Each pair of parentheses captures a piece of the date: day, month, year.


Named capturing groups (TypeScript and modern JS)

const pattern = /(?<day>\d{2})-(?<month>\d{2})-(?<year>\d{4})/;
const match = pattern.exec("12-05-2025");

match?.groups?.day;   // "12"
match?.groups?.month; // "05"

Named groups make code easier to read by labeling each extracted value.


Replacing text with regex

const cleaned = "File   name    with   spaces"
  .replace(/\s+/g, " ");

\s+ collapses multiple whitespace characters into one space.


Regular Expressions in Python

Python’s re module provides extensive regex tools.

Searching for a match

import re

pattern = r"\d+"
match = re.search(pattern, "Invoice #3021")

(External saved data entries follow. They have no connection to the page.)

section \<open>Two long cycles joined by paths\<close>

text \<open>Two long cycles C and Z touching at x, and joined by a pair of opposite paths between
  y \<in> C and c \<in> Z avoiding both cycles otherwise: going around C through the paths gives two
  paths between c and x of total length at least 2k, one of which forms a B(k,1;1) with Z.\<close>
lemma subdiv_B_of_touching_linked_cycles:
  assumes k: "k \<ge> 3"
    and C: "dcycle A C" "length C \<ge> 2 * k - 2" "x \<in> set C" "y \<in> set C" "x \<noteq> y"
    and Z: "dcycle A Z" "c \<in> set Z" "x \<in> set Z" "c \<noteq> x" "y \<notin> set Z"
    and Q: "dpath A Q" "hd Q = c" "last Q = y" and R: "dpath A R" "hd R = y" "last R = c"
    and QR_C: "(set Q \<union> set R) \<inter> set C \<subseteq> {y}" and QR_Z: "(set Q \<union> set R) \<inter> set Z \<subseteq> {c}"
    and CZ: "set C \<inter> set Z \<subseteq> {x}"
  shows "contains_subdiv_B A k 1 1"
proof -
  obtain Cxy Cyx where Cs: "dpath A Cxy" "hd Cxy = x" "last Cxy = y" "dpath A Cyx" "hd Cyx = y" "last Cyx = x"
      "set Cxy \<inter> set Cyx = {x, y}" "set Cxy \<union> set Cyx = set C" "path_len Cxy + path_len Cyx = length C"
    by (rule dcycle_split[OF C(1,3,4,5)])
  obtain Zcx Zxc where Zs: "dpath A Zcx" "hd Zcx = c" "last Zcx = x" "dpath A Zxc" "hd Zxc = x" "last Zxc = c"
      "set Zcx \<inter> set Zxc = {c, x}" "set Zcx \<union> set Zxc = set Z" "path_len Zcx + path_len Zxc = length Z"
    by (rule dcycle_split[OF Z(1-4)])
  have "last Q = hd Cyx" "set Q \<inter> set Cyx \<subseteq> {hd Cyx}" using Q Cs QR_C by auto
  then obtain P where P: "dpath A P" "hd P = hd Q" "last P = last Cyx" "set P = set Q \<union> set Cyx"
      "path_len P = path_len Q + path_len Cyx"
    by (rule dpath_concat[OF Q(1) Cs(4)])
  have "last Cxy = hd R" "set Cxy \<inter> set R \<subseteq> {hd R}" using R Cs QR_C by auto
  then obtain P' where P': "dpath A P'" "hd P' = hd Cxy" "last P' = last R" "set P' = set Cxy \<union> set R"
      "path_len P' = path_len Cxy + path_len R"
    by (rule dpath_concat[OF Cs(1) R(1)])
  have "c \<noteq> y" using Z by auto
  then have "path_len Q \<ge> 1" "path_len R \<ge> 1" using path_len_ge_1 Q R by metis+
  then have long: "path_len P \<ge> k \<or> path_len P' \<ge> k" using P(5) P'(5) Cs(9) C(2) k by linarith
  have meet: "set P \<inter> set Zcx \<subseteq> {c, x}" "set P \<inter> set Zxc \<subseteq> {c, x}"
    "set P' \<inter> set Zxc \<subseteq> {x, c}" "set P' \<inter> set Zcx \<subseteq> {x, c}" "set Zxc \<inter> set Zcx \<subseteq> {x, c}"
    using P(4) P'(4) Cs(8) Zs(7,8) QR_Z CZ by blast+
  have k2: "2 \<le> k" using k by simp
  from long show ?thesis
  proof
    assume "path_len P \<ge> k"
    with P Q Cs show ?thesis
      using subdiv_B_of_theta[OF k2 Z(4), of A P Zcx Zxc] Zs meet by simp
  next
    assume "path_len P' \<ge> k"
    with P' R Cs show ?thesis
      using subdiv_B_of_theta[OF k2 Z(4)[symmetric], of A P' Zxc Zcx] Zs meet by simp
  qed
qed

r"\d+" is a raw string literal, which avoids escape-character issues.

The regex finds "3021".


Extracting groups

m = re.match(r"(\w+)@(\w+)\.(\w+)", "ana@email.com")
username, provider, domain = m.groups()

This captures three parts of an email address: name, provider, and top-level domain.


Using findall()

re.findall(r"\b\w{4}\b", "come play with this data")

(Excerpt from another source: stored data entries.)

(* There is an absolute constant $C$ and a deterministic adaptive procedure with the following property. Let $G=(V,E)$ be a connected graph on $n\ge 2$ vertices with maximum degree $\Delta\ge 2$, $s\in V$, $\mathcal{T}$ the layering tree of $G$ with respect to $s$, and $\ell\ge \ell(\mathcal{T})$ an integer. Let $k\ge 0$ and $i=k+\ell+2$. Given $\ell$, the layers $L_0,L_1,\dots$, the graph $G_i$ and the tree $\mathcal{T}_k$, and access to the shortest-path distance oracle of $G$, the procedure computes $G_{i+1}$ using at most $C\cdot|L_i|\left(\Delta^{\ell+2}\log n+\Delta^{4\ell+8}\right)$ queries.
   Context: Shortest-path distance oracle: given $u,v\in V$ it returns $d_G(u,v)$; each call is one query, chosen adaptively. For a connected graph $G$ and root $s\in V(G)$, the BFS layers are $L_i=\{v: d_G(s,v)=i\}$ for $i\ge 0$, with $L_{\le k}=L_0\cup\dots\cup L_k$, $L_{\ge k}=\bigcup_{j\ge k}L_j$, $L_{-1}=\emptyset$. For each $i\ge 0$, let $S_i^1,\dots,S_i^{s_i}$ be the connected components of $G\setminus L_{\le i-1}$ (i.e. of $G[L_{\ge i}]$), and let $P_i^j=S_i^j\cap L_i$; the nonempty sets $P_i^j$ are the parts at layer (depth) $i$, and the set $\mathcal{P}$ of all parts over all layers partitions $V(G)$. The layering tree $\mathcal{T}=(\mathcal{P},\mathcal{E})$ has the parts as vertices, with $(P,P')\in\mathcal{E}$ iff some $u\in P$, $u'\in P'$ are adjacent in $G$. Its length is $\ell(\mathcal{T})=\max_{P\in\mathcal{P}}\max_{u,v\in P} d_G(u,v)$ (distances measured in $G$). $G_i=G[L_{\le i-1}]$ is the subgraph induced by the first $i$ layers, and $\mathcal{T}_k$ is the subtree of $\mathcal{T}$ induced by the parts at layers $0,1,\dots,k-1$. *)

theory Defs
  imports Complex_Main
begin

definition simple_graph :: "nat set \<Rightarrow> nat set set \<Rightarrow> bool" where
  "simple_graph V E \<longleftrightarrow> finite V \<and> E \<subseteq> {{u, v} | u v. u \<in> V \<and> v \<in> V \<and> u \<noteq> v}"

definition adj :: "nat set set \<Rightarrow> (nat \<times> nat) set" where
  "adj E = {(u, v). {u, v} \<in> E \<and> u \<noteq> v}"

definition connected_graph :: "nat set \<Rightarrow> nat set set \<Rightarrow> bool" where
  "connected_graph V E \<longleftrightarrow> (\<forall>u\<in>V. \<forall>v\<in>V. \<exists>m. (u, v) \<in> adj E ^^ m)"

definition dist :: "nat set set \<Rightarrow> nat \<Rightarrow> nat \<Rightarrow> nat" where
  "dist E u v = (LEAST m. (u, v) \<in> adj E ^^ m)"

definition degree :: "nat set set \<Rightarrow> nat \<Rightarrow> nat" where
  "degree E u = card {v. {u, v} \<in> E \<and> u \<noteq> v}"

definition max_degree :: "nat set \<Rightarrow> nat set set \<Rightarrow> nat" where
  "max_degree V E = Max (degree E ` V)"

definition layer :: "nat set \<Rightarrow> nat set set \<Rightarrow> nat \<Rightarrow> nat \<Rightarrow> nat set" where
  "layer V E s i = {v \<in> V. dist E s v = i}"

definition layers_ge :: "nat set \<Rightarrow> nat set set \<Rightarrow> nat \<Rightarrow> nat \<Rightarrow> nat set" where
  "layers_ge V E s i = {v \<in> V. i \<le> dist E s v}"

text \<open>L_{\<le> i-1} = first i layers (empty for i = 0).\<close>
definition layers_lt :: "nat set \<Rightarrow> nat set set \<Rightarrow> nat \<Rightarrow> nat \<Rightarrow> nat set" where
  "layers_lt V E s i = {v \<in> V. dist E s v < i}"

definition component_in :: "nat set set \<Rightarrow> nat set \<Rightarrow> nat \<Rightarrow> nat set" where
  "component_in E W x = {y \<in> W. (x, y) \<in> (adj E \<inter> (W \<times> W))\<^sup>*}"

definition parts_at :: "nat set \<Rightarrow> nat set set \<Rightarrow> nat \<Rightarrow> nat \<Rightarrow> nat set set" where
  "parts_at V E s i =
     {component_in E (layers_ge V E s i) x \<inter> layer V E s i | x. x \<in> layer V E s i}"

definition parts :: "nat set \<Rightarrow> nat set set \<Rightarrow> nat \<Rightarrow> nat set set" where
  "parts V E s = (\<Union>i. parts_at V E s i)"

definition part_edges :: "nat set set \<Rightarrow> nat set set \<Rightarrow> nat set set set" where
  "part_edges E Ps = {{P, P'} | P P'. P \<in> Ps \<and> P' \<in> Ps \<and> P \<noteq> P' \<and>
                        (\<exists>u\<in>P. \<exists>u'\<in>P'. {u, u'} \<in> E)}"

definition tree_length :: "nat set \<Rightarrow> nat set set \<Rightarrow> nat \<Rightarrow> nat" where
  "tree_length V E s = Max {dist E u v | u v P. P \<in> parts V E s \<and> u \<in> P \<and> v \<in> P}"

text \<open>T_k: subtree induced by the parts at layers 0..k-1 (vertex set, edge set).\<close>
definition tree_prefix :: "nat set \<Rightarrow> nat set set \<Rightarrow> nat \<Rightarrow> nat \<Rightarrow> nat set set \<times> nat set set set" where
  "tree_prefix V E s k =
     (let Ps = (\<Union>j<k. parts_at V E s j) in (Ps, part_edges E Ps))"

text \<open>G_i = G[L_{\<le> i-1}] (vertex set, edge set).\<close>
definition graph_prefix :: "nat set \<Rightarrow> nat set set \<Rightarrow> nat \<Rightarrow> nat \<Rightarrow> nat set \<times> nat set set" where
  "graph_prefix V E s i =
     (let W = layers_lt V E s i in (W, {e \<in> E. e \<subseteq> W}))"

text \<open>A deterministic adaptive procedure with oracle queries of type 'q answered by
values of type 'a and final output 'r: either return a result, or ask a query and
continue depending on the answer.\<close>
datatype ('q, 'a, 'r) qtree = Ret 'r | Ask 'q "'a \<Rightarrow> ('q, 'a, 'r) qtree"

primrec run_result :: "('q \<Rightarrow> 'a) \<Rightarrow> ('q, 'a, 'r) qtree \<Rightarrow> 'r" where
  "run_result orc (Ret r) = r"
| "run_result orc (Ask q f) = run_result orc (f (orc q))"

primrec run_queries :: "('q \<Rightarrow> 'a) \<Rightarrow> ('q, 'a, 'r) qtree \<Rightarrow> nat" where
  "run_queries orc (Ret r) = 0"
| "run_queries orc (Ask q f) = Suc (run_queries orc (f (orc q)))"

text \<open>Input given to the procedure: l, k, the layer function i \<mapsto> L_i, the graph G_i
 and the tree T_k.\<close>
type_synonym proc_input =
  "nat \<times> nat \<times> (nat \<Rightarrow> nat set) \<times> (nat set \<times> nat set set) \<times> (nat set set \<times> nat set set set)"

type_synonym procedure = "proc_input \<Rightarrow> (nat \<times> nat, nat, nat set \<times> nat set set) qtree"

end

theory Submission
  imports Defs
begin

text \<open>
  Every edge of G_{i+1} that is not in G_i joins a vertex u of L_i to a vertex v of
  L_{i-1} \<union> L_i, and then u and v descend from the same part Q_u of the layering tree at
  layer k - 1. Parts have diameter at most l, so the descendants of Q_u in one layer lie in a
  ball of radius at most 2l + 3 around a vertex of Q_u; once Q_u is known, querying d(u, v)
  for these O(\<Delta>^(2l+3)) candidates v reveals all new edges at u.

  To find Q_u, note that u descends from a part P at layer j iff d(u, x) = i - j for some
  x \<in> P, and that the children of a part contain O(\<Delta>^(l+1)) vertices. Keep a set K of
  parts at layer k - 1 containing Q_u, take the deepest part c of T_k above more than half
  of K, and query u against the children of c: either u descends from a child, which lies
  above at most half of K, or from none, and then u is not below c and more than half of K
  is discarded. After at most log n rounds Q_u is determined.
\<close>

section \<open>Walks, components and the layering tree\<close>

lemma relpow_mono: "(R :: 'a rel) \<subseteq> S \<Longrightarrow> R ^^ n \<subseteq> S ^^ n"
  by (induction n) (simp_all add: relcomp_mono)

\b marks word boundaries; this finds all 4-letter words in the sentence.


Regular Expressions in Swift

Swift uses regex via foundation APIs and modern literal syntax (Swift 5.7+).

Matching a simple pattern

let text = "Order #1299"
if text.contains(/\d+/) {
    print("Contains a number")
}

Swift now allows regex literals similarly to JavaScript.

/\d+/ finds one or more digits.


Extracting values

if let match = "12-05-2025".firstMatch(of: /(\d{2})-(\d{2})-(\d{4})/) {
    let (day, month, year) = match.output
}

Swift’s structured regex API makes it easier to extract captured groups.

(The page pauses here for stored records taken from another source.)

(* The edge generating series of the Dyck lattices is $$\sum_{n\ge0}\ell(\mathcal{D}_n)x^n=\frac{1-3x-(1-x)\sqrt{1-4x}}{2x\sqrt{1-4x}}.$$ Moreover, for every $n\ge2$, $$\ell(\mathcal{D}_n)=\frac12\binom{2n}{n}\frac{n-1}{n+1}=\binom{2n-1}{n-2},$$ and for every $n\ge1$ the Hasse index is $i(\mathcal{D}_n)=(n-1)/2$; in particular $i(\mathcal{D}_n)\sim n/2$.
   Context: Steps: $U=(1,1)$, $D=(1,-1)$. $\mathcal{D}_n$ is the set of Dyck paths of semi-length $n$ (lattice paths from $(0,0)$ to $(2n,0)$ with steps $U,D$ never going below the $x$-axis), partially ordered by $\gamma_1\le\gamma_2$ iff $\gamma_1$ lies weakly below $\gamma_2$. For a finite poset $P$, $\ell(P)$ is the number of edges of its Hasse diagram (i.e. the number of covering pairs), and the Hasse index is $i(P)=\ell(P)/|P|$. $a_n\sim b_n$ means $a_n/b_n\to1$. *)

theory Defs
  imports Complex_Main "HOL-Library.Landau_Symbols"
begin

text \<open>A lattice path is a list of booleans: True = U = (1,1), False = D = (1,-1).
  height xs k is the height after the first k steps.\<close>
definition height :: "bool list \<Rightarrow> nat \<Rightarrow> int" where
  "height xs k = sum_list (map (\<lambda>b. if b then 1 else -1) (take k xs))"

definition dyck :: "nat \<Rightarrow> bool list set" where
  "dyck n = {xs. length xs = 2 * n \<and> (\<forall>k \<le> 2 * n. 0 \<le> height xs k) \<and> height xs (2 * n) = 0}"

definition path_le :: "bool list \<Rightarrow> bool list \<Rightarrow> bool" where
  "path_le xs ys = (\<forall>k. height xs k \<le> height ys k)"

definition covers :: "'a set \<Rightarrow> ('a \<Rightarrow> 'a \<Rightarrow> bool) \<Rightarrow> 'a \<Rightarrow> 'a \<Rightarrow> bool" where
  "covers P le a b = (a \<in> P \<and> b \<in> P \<and> le a b \<and> a \<noteq> b \<and>
     \<not> (\<exists>c\<in>P. le a c \<and> le c b \<and> c \<noteq> a \<and> c \<noteq> b))"

definition hasse_edges :: "'a set \<Rightarrow> ('a \<Rightarrow> 'a \<Rightarrow> bool) \<Rightarrow> nat" where
  "hasse_edges P le = card {(a, b). covers P le a b}"

definition hasse_index :: "'a set \<Rightarrow> ('a \<Rightarrow> 'a \<Rightarrow> bool) \<Rightarrow> real" where
  "hasse_index P le = real (hasse_edges P le) / real (card P)"

definition ell_dyck :: "nat \<Rightarrow> nat" where
  "ell_dyck n = hasse_edges (dyck n) path_le"

end

theory Submission
  imports Defs "HOL-Analysis.Analysis" "HOL-Real_Asymp.Real_Asymp"
begin

(* A covering pair gamma < gamma' of D_n is exactly obtained by turning one
   valley DU of gamma into a peak UD, so l(D_n) is the total number of valleys of all Dyck paths
   of semi-length n.  Every nonempty Dyck path has one peak more than valleys, and inserting a
   peak UD into a path of D_m at any of its 2m + 1 positions is a bijection onto the pairs
   (path of D_(m+1), chosen peak).  Hence
       l(D_(m+1)) + |D_(m+1)| = (2m + 1) |D_m|,
   and with the Catalan numbers |D_n| = C(2n, n) / (n + 1) this gives the closed forms of
   l(D_n) and of the Hasse index.  The generating function follows by writing l(D_n) as a
   combination of central binomial coefficients, whose generating function is 1 / sqrt (1 - 4x). *)

abbreviation updown :: "bool \<Rightarrow> int" where
  "updown b \<equiv> (if b then 1 else -1)"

When to Use a Regular Expression

Regex is your tool of choice when dealing with text that follows a recognizable pattern.


1. Validating user input

Examples: emails, postal codes, phone numbers, usernames.

/^[a-zA-Z0-9_]{3,16}$/;

This ensures a username contains letters, digits, or underscores and is between 3–16 characters long.


2. Extracting structured data

Dates, timestamps, error codes, or tags.

re.findall(r"#(\w+)", "Loving these #sunsets and #mountains")

Captures everything after a #, giving hashtag names.


3. Cleaning messy text

Removing extra spaces, HTML tags, or formatting artifacts.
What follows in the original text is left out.